WHEN I WOKE UP ON WEDNESDAY, JANUARY 30, 2008, I NEVER INTENDED TO HURT SHAYLA AGAIN.
The plan was to have a fun day snorkeling together, enjoy Cozumel for a few hours, and listen to a great concert in the evening.
The day started off as planned. We got off the cruise ship and boarded a bus to go on the snorkeling excursion on a catamaran boat. Little did I know that as the catamaran boat left the dock, my past was waiting for me. It was going to try once again to destroy me.
The drinks flowed and my decision making wavered.
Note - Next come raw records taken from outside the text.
definition fixed_deq_lin :: "('s, 'x act) lts \<Rightarrow> bool" where
  "fixed_deq_lin L \<longleftrightarrow>
     Calls \<union> Rets \<union> LinDeqs \<subseteq> alpha L \<and>
     (\<forall>w \<in> traces L. \<forall>i < length w. \<forall>d k. w ! i = RetDeq d k \<longrightarrow>
        (\<exists>j < i. w ! j = LinDeq d k))"

definition fwd_sim ::
  "'l set \<Rightarrow> ('s1, 'l) lts \<Rightarrow> ('s2, 'l) lts \<Rightarrow> ('s1 \<times> 's2) set \<Rightarrow> bool" where
  "fwd_sim G L1 L2 fs \<longleftrightarrow>
     {u. (init L1, u) \<in> fs} = {init L2} \<and>
     (\<forall>s g s' u. (s, g, s') \<in> trans L1 \<and> g \<in> G \<and> (s, u) \<in> fs \<longrightarrow>
        (\<exists>u' w1 w2. (s', u') \<in> fs \<and> path L2 u (w1 @ g # w2) u' \<and>
           set w1 \<subseteq> alpha L2 - G \<and> set w2 \<subseteq> alpha L2 - G)) \<and>
     (\<forall>s e s' u. (s, e, s') \<in> trans L1 \<and> e \<in> alpha L1 - G \<and> (s, u) \<in> fs \<longrightarrow>
        (\<exists>u' w. (s', u') \<in> fs \<and> path L2 u w u' \<and> set w \<subseteq> alpha L2 - G))"

datatype cpoint = A1 | A | A2 | R1 | R2 | R3

record absq0 =
  q0seq :: "val list"
  q0in  :: "op \<Rightarrow> val option"
  q0rv  :: "op \<Rightarrow> val option"
  q0cp  :: "op \<Rightarrow> cpoint option"

inductive absq0_step :: "absq0 \<Rightarrow> 'x act \<Rightarrow> absq0 \<Rightarrow> bool" where
  inv_enq: "k \<notin> dom (q0cp s) \<Longrightarrow>
     absq0_step s (InvEnq d k) (s\<lparr>q0in := (q0in s)(k \<mapsto> Val d), q0cp := (q0cp s)(k \<mapsto> A1)\<rparr>)"
| lin_enq: "q0cp s k = Some A1 \<Longrightarrow> q0in s k = Some (Val d) \<Longrightarrow>
     absq0_step s (LinEnq d k) (s\<lparr>q0seq := Val d # q0seq s, q0cp := (q0cp s)(k \<mapsto> A)\<rparr>)"
| ret_enq: "q0cp s k = Some A \<Longrightarrow>
     absq0_step s (RetEnq k) (s\<lparr>q0cp := (q0cp s)(k \<mapsto> A2)\<rparr>)"
| inv_deq: "k \<notin> dom (q0cp s) \<Longrightarrow>
     absq0_step s (InvDeq k) (s\<lparr>q0cp := (q0cp s)(k \<mapsto> R1)\<rparr>)"
| lin_deq: "q0cp s k = Some R1 \<Longrightarrow> q0seq s = sq' @ [d] \<Longrightarrow>
     absq0_step s (LinDeq d k)
       (s\<lparr>q0seq := sq', q0rv := (q0rv s)(k \<mapsto> d), q0cp := (q0cp s)(k \<mapsto> R2)\<rparr>)"
| lin_deq_empty: "q0cp s k = Some R1 \<Longrightarrow> q0seq s = [] \<Longrightarrow>
     absq0_step s (LinDeq EMPTY k)
       (s\<lparr>q0rv := (q0rv s)(k \<mapsto> EMPTY), q0cp := (q0cp s)(k \<mapsto> R2)\<rparr>)"
| ret_deq: "q0cp s k = Some R2 \<Longrightarrow> q0rv s k = Some d \<Longrightarrow>
     absq0_step s (RetDeq d k) (s\<lparr>q0cp := (q0cp s)(k \<mapsto> R3)\<rparr>)"

definition AbsQ0 :: "(absq0, 'x act) lts" where
  "AbsQ0 = \<lparr> states = UNIV,
             alpha = Calls \<union> Rets \<union> LinDeqs \<union> range (\<lambda>(d,k). LinEnq d k),
             init = \<lparr>q0seq = [], q0in = Map.empty, q0rv = Map.empty, q0cp = Map.empty\<rparr>,
             trans = {(s, a, s'). absq0_step s a s'} \<rparr>"

datatype status = PEND | COMP

record absq =
  qO   :: "op set"
  qlt  :: "(op \<times> op) set"
  qlab :: "op \<Rightarrow> (val \<times> status) option"
  qrv  :: "op \<Rightarrow> val option"
  qcp  :: "op \<Rightarrow> cpoint option"

definition COMPs :: "absq \<Rightarrow> op set" where
  "COMPs s = {k \<in> qO s. \<exists>d. qlab s k = Some (d, COMP)}"

definition minO :: "absq \<Rightarrow> op set" where
  "minO s = {k \<in> qO s. \<not> (\<exists>k'' \<in> qO s. (k'', k) \<in> qlt s)}"

inductive absq_step :: "absq \<Rightarrow> 'x act \<Rightarrow> absq \<Rightarrow> bool" where
  inv_enq: "k \<notin> dom (qcp s) \<Longrightarrow>
     absq_step s (InvEnq d k)
       (s\<lparr>qO := qO s \<union> {k}, qlt := qlt s \<union> COMPs s \<times> {k},
          qlab := (qlab s)(k \<mapsto> (Val d, PEND)), qcp := (qcp s)(k \<mapsto> A1)\<rparr>)"
| inv_deq: "k \<notin> dom (qcp s) \<Longrightarrow>
     absq_step s (InvDeq k) (s\<lparr>qcp := (qcp s)(k \<mapsto> R1)\<rparr>)"
| ret_deq: "qcp s k = Some R2 \<Longrightarrow> qrv s k = Some d \<Longrightarrow>
     absq_step s (RetDeq d k) (s\<lparr>qcp := (qcp s)(k \<mapsto> R3)\<rparr>)"
| ret_enq_pend: "qcp s k = Some A1 \<Longrightarrow> k \<in> qO s \<Longrightarrow> qlab s k = Some (d, PEND) \<Longrightarrow>
     absq_step s (RetEnq k)
       (s\<lparr>qlab := (qlab s)(k \<mapsto> (d, COMP)), qcp := (qcp s)(k \<mapsto> A2)\<rparr>)"
| ret_enq_other: "qcp s k = Some A1 \<Longrightarrow> \<not> (k \<in> qO s \<and> (\<exists>d. qlab s k = Some (d, PEND))) \<Longrightarrow>
     absq_step s (RetEnq k) (s\<lparr>qcp := (qcp s)(k \<mapsto> A2)\<rparr>)"
| lin_deq: "qcp s k = Some R1 \<Longrightarrow> d \<noteq> EMPTY \<Longrightarrow> k' \<in> minO s \<Longrightarrow>
     qlab s k' = Some (d, st) \<Longrightarrow>
     absq_step s (LinDeq d k)
       (s\<lparr>qO := qO s - {k'}, qlt := {(a, b) \<in> qlt s. a \<noteq> k' \<and> b \<noteq> k'},
          qlab := (qlab s)(k' := None),
          qrv := (qrv s)(k \<mapsto> d), qcp := (qcp s)(k \<mapsto> R2)\<rparr>)"
| lin_deq_empty: "qcp s k = Some R1 \<Longrightarrow> (\<forall>o' \<in> qO s. \<exists>d. qlab s o' = Some (d, PEND)) \<Longrightarrow>
     absq_step s (LinDeq EMPTY k)
       (s\<lparr>qrv := (qrv s)(k \<mapsto> EMPTY), qcp := (qcp s)(k \<mapsto> R2)\<rparr>)"

definition AbsQ :: "(absq, 'x act) lts" where
  "AbsQ = \<lparr> states = UNIV,
            alpha = Calls \<union> Rets \<union> LinDeqs,
            init = \<lparr>qO = {}, qlt = {}, qlab = Map.empty, qrv = Map.empty, qcp = Map.empty\<rparr>,
            trans = {(s, a, s'). absq_step s a s'} \<rparr>"

end

(*
  The Gamma-traces of AbsQ are exactly the Gamma-projections of the traces of AbsQ0, so the
  left-hand side says that every Gamma-trace of L is a trace of AbsQ.

  AbsQ0 fixes the order of the queue when an enqueue is linearized; AbsQ keeps only the partial
  order in which an enqueue precedes every enqueue invoked after it has returned, and lets a
  dequeue remove any minimal element.  An AbsQ0 state "linearizes" an AbsQ state if its queue is
  a linear extension of that order.  This relation is a forward simulation of AbsQ0 by AbsQ.
  Conversely, any run of AbsQ is matched backwards by AbsQ0: each AbsQ step is preceded by a
  linearizing state, which for an invocation of enqueue or a dequeue returning EMPTY requires
  undoing and redoing the linearization of pending enqueues.

  Given the trace inclusion, pairing the states of L and of AbsQ reached by runs with the same
  Gamma-projection gives a forward simulation: AbsQ is deterministic on runs in which no value
  is enqueued twice, and well-formedness forbids visible loops through the initial state of L.
  Conversely a forward simulation maps runs of L to runs of AbsQ with the same Gamma-trace.
*)

theory Submission
  imports Defs
begin

section \<open>Runs, projections and forward simulations\<close>

inductive_simps path_Nil_iff: "path M s [] t"
inductive_simps path_Cons_iff: "path M s (a # w) t"

lemma path_append_iff: "path M s (w1 @ w2) t \<longleftrightarrow> (\<exists>m. path M s w1 m \<and> path M m w2 t)"
  by (induction w1 arbitrary: s) (auto simp: path_Nil_iff path_Cons_iff)

lemma path_snoc_iff: "path M s (w @ [a]) t \<longleftrightarrow> (\<exists>m. path M s w m \<and> (m, a, t) \<in> trans M)"
  by (auto simp: path_append_iff path_Nil_iff path_Cons_iff)

lemma path_single_iff: "path M s [a] t \<longleftrightarrow> (s, a, t) \<in> trans M"
  by (simp add: path_Cons_iff path_Nil_iff)

lemma proj_simps [simp]:
  "proj G [] = []"
  "proj G (a # w) = (if a \<in> G then a # proj G w else proj G w)"
  "proj G (w1 @ w2) = proj G w1 @ proj G w2"
  by (simp_all add: proj_def)

lemma set_proj: "set (proj G w) \<subseteq> set w"
  by (auto simp: proj_def)

lemma fwd_sim_path:
  assumes sim: "fwd_sim G L1 L2 fs" and wf: "lts_wf L1" and alpha: "alpha L2 \<subseteq> G"
  shows "path L1 s w t \<Longrightarrow> (s, u) \<in> fs \<Longrightarrow> \<exists>u'. (t, u') \<in> fs \<and> path L2 u (proj G w) u'"
proof (induction arbitrary: u rule: path.induct)
  case (path_nil s)
  then show ?case by (auto intro: path.path_nil)
next
  case (path_cons s a s' w t)
  have invisible: "alpha L2 - G = {}" using alpha by blast
  have "\<exists>u''. (s', u'') \<in> fs \<and> path L2 u (proj G [a]) u''"
  proof (cases "a \<in> G")
    case True
    with sim path_cons obtain u'' w1 w2 where "(s', u'') \<in> fs" "path L2 u (w1 @ a # w2) u''"
      "set w1 \<subseteq> alpha L2 - G" "set w2 \<subseteq> alpha L2 - G"
      unfolding fwd_sim_def by blast
    moreover from this(3,4) invisible have "w1 = []" "w2 = []" by simp_all
    ultimately show ?thesis using True by auto
  next
    case False
    with wf path_cons have "a \<in> alpha L1 - G" by (auto simp: lts_wf_def)
    with sim path_cons obtain u'' w' where "(s', u'') \<in> fs" "path L2 u w' u''" "set w' \<subseteq> alpha L2 - G"
      unfolding fwd_sim_def by blast
    moreover from this(3) invisible have "w' = []" by simp
    ultimately show ?thesis using False by (auto simp: path_Nil_iff)
  qed
  then obtain u'' where "(s', u'') \<in> fs" "path L2 u (proj G [a]) u''" by blast
  moreover obtain u' where "(t, u') \<in> fs" "path L2 u'' (proj G w) u'"
    using path_cons.IH[OF \<open>(s', u'') \<in> fs\<close>] by blast
  ultimately have "path L2 u (proj G ([a] @ w)) u'" "(t, u') \<in> fs"
    by (auto simp only: proj_simps(3) path_append_iff)
  then show ?case by auto
qed

lemma fwd_sim_proj_traces:
  assumes "fwd_sim G L1 L2 fs" and "lts_wf L1" and "alpha L2 \<subseteq> G"
  shows "proj G ` traces L1 \<subseteq> traces L2"
proof
  fix p assume "p \<in> proj G ` traces L1"
  then obtain w t where "p = proj G w" "path L1 (init L1) w t"
    by (auto simp: traces_def)
  moreover have "(init L1, init L2) \<in> fs"
    using assms(1) by (auto simp: fwd_sim_def)
  ultimately show "p \<in> traces L2"
    using fwd_sim_path[OF assms] unfolding traces_def by blast
qed

lemma reachable_pairs_fwd_sim:
  fixes L1 :: "('s1, 'l) lts" and L2 :: "('s2, 'l) lts"
  assumes alpha: "alpha L2 \<subseteq> G"
    and incl: "proj G ` traces L1 \<subseteq> traces L2"
    and det: "\<And>w u1 u2. w \<in> traces L1 \<Longrightarrow> path L2 (init L2) (proj G w) u1 \<Longrightarrow>
                 path L2 (init L2) (proj G w) u2 \<Longrightarrow> u1 = u2"
    and loop: "\<And>w. path L1 (init L1) w (init L1) \<Longrightarrow> proj G w = []"
  shows "fwd_sim G L1 L2 {(s, u). \<exists>w. path L1 (init L1) w s \<and> path L2 (init L2) (proj G w) u}"
    (is "fwd_sim G L1 L2 ?fs")
  unfolding fwd_sim_def
proof (intro conjI allI impI)
  show "{u. (init L1, u) \<in> ?fs} = {init L2}"
    using loop by (auto simp: path_Nil_iff intro: path.path_nil)
next
  fix s g s' u assume step: "(s, g, s') \<in> trans L1 \<and> g \<in> G \<and> (s, u) \<in> ?fs"
  then obtain w where w: "path L1 (init L1) w s" "path L2 (init L2) (proj G w) u" by blast
  with step have w': "path L1 (init L1) (w @ [g]) s'" by (auto simp: path_snoc_iff)
  with incl have "proj G (w @ [g]) \<in> traces L2" unfolding traces_def by blast
  with step obtain m u' where m: "path L2 (init L2) (proj G w) m" "(m, g, u') \<in> trans L2"
    by (auto simp: traces_def path_snoc_iff)
  have "m = u" using det[OF _ m(1) w(2)] w(1) by (auto simp: traces_def)
  with m step w' have "(s', u') \<in> ?fs" "path L2 u [g] u'"
    by (auto simp: path_snoc_iff path_single_iff intro!: exI[of _ "w @ [g]"])
  then show "\<exists>u' w1 w2. (s', u') \<in> ?fs \<and> path L2 u (w1 @ g # w2) u' \<and>
      set w1 \<subseteq> alpha L2 - G \<and> set w2 \<subseteq> alpha L2 - G"
    by (intro exI[of _ u'] exI[of _ "[]"]) simp
next
  fix s e s' u assume step: "(s, e, s') \<in> trans L1 \<and> e \<in> alpha L1 - G \<and> (s, u) \<in> ?fs"
  then obtain w where "path L1 (init L1) w s" "path L2 (init L2) (proj G w) u" by blast
  with step have "path L1 (init L1) (w @ [e]) s'" "path L2 (init L2) (proj G (w @ [e])) u"
    by (auto simp: path_snoc_iff)
  then have "(s', u) \<in> ?fs" by blast
  then show "\<exists>u' w. (s', u') \<in> ?fs \<and> path L2 u w u' \<and> set w \<subseteq> alpha L2 - G"
    by (intro exI[of _ u] exI[of _ "[]"]) (simp add: path.path_nil)
qed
Shayla was counting drinks so I began to sneak shots of tequila and extra beers while she thought I only had a couple of margaritas.
I couldn’t outrun the demons that I had tried to bury just over a year before.
I WAS DRUNK AND I WAS SCARED.
I will never forget the disappointment on Shayla’s face when she realized that the old Bryan had entered back into the picture.
We had spent the previous 15 months reconciling a marriage that was torn apart by infidelity. Any trust that was rebuilt through this time period was destroyed in a matter of hours.
I BROKE SHAYLA’S HEART ONCE AGAIN.
There was one concert that we were looking forward to all week above all of the others.
All week we anxiously awaited to see Jeremy Riddle.
I would have to go alone.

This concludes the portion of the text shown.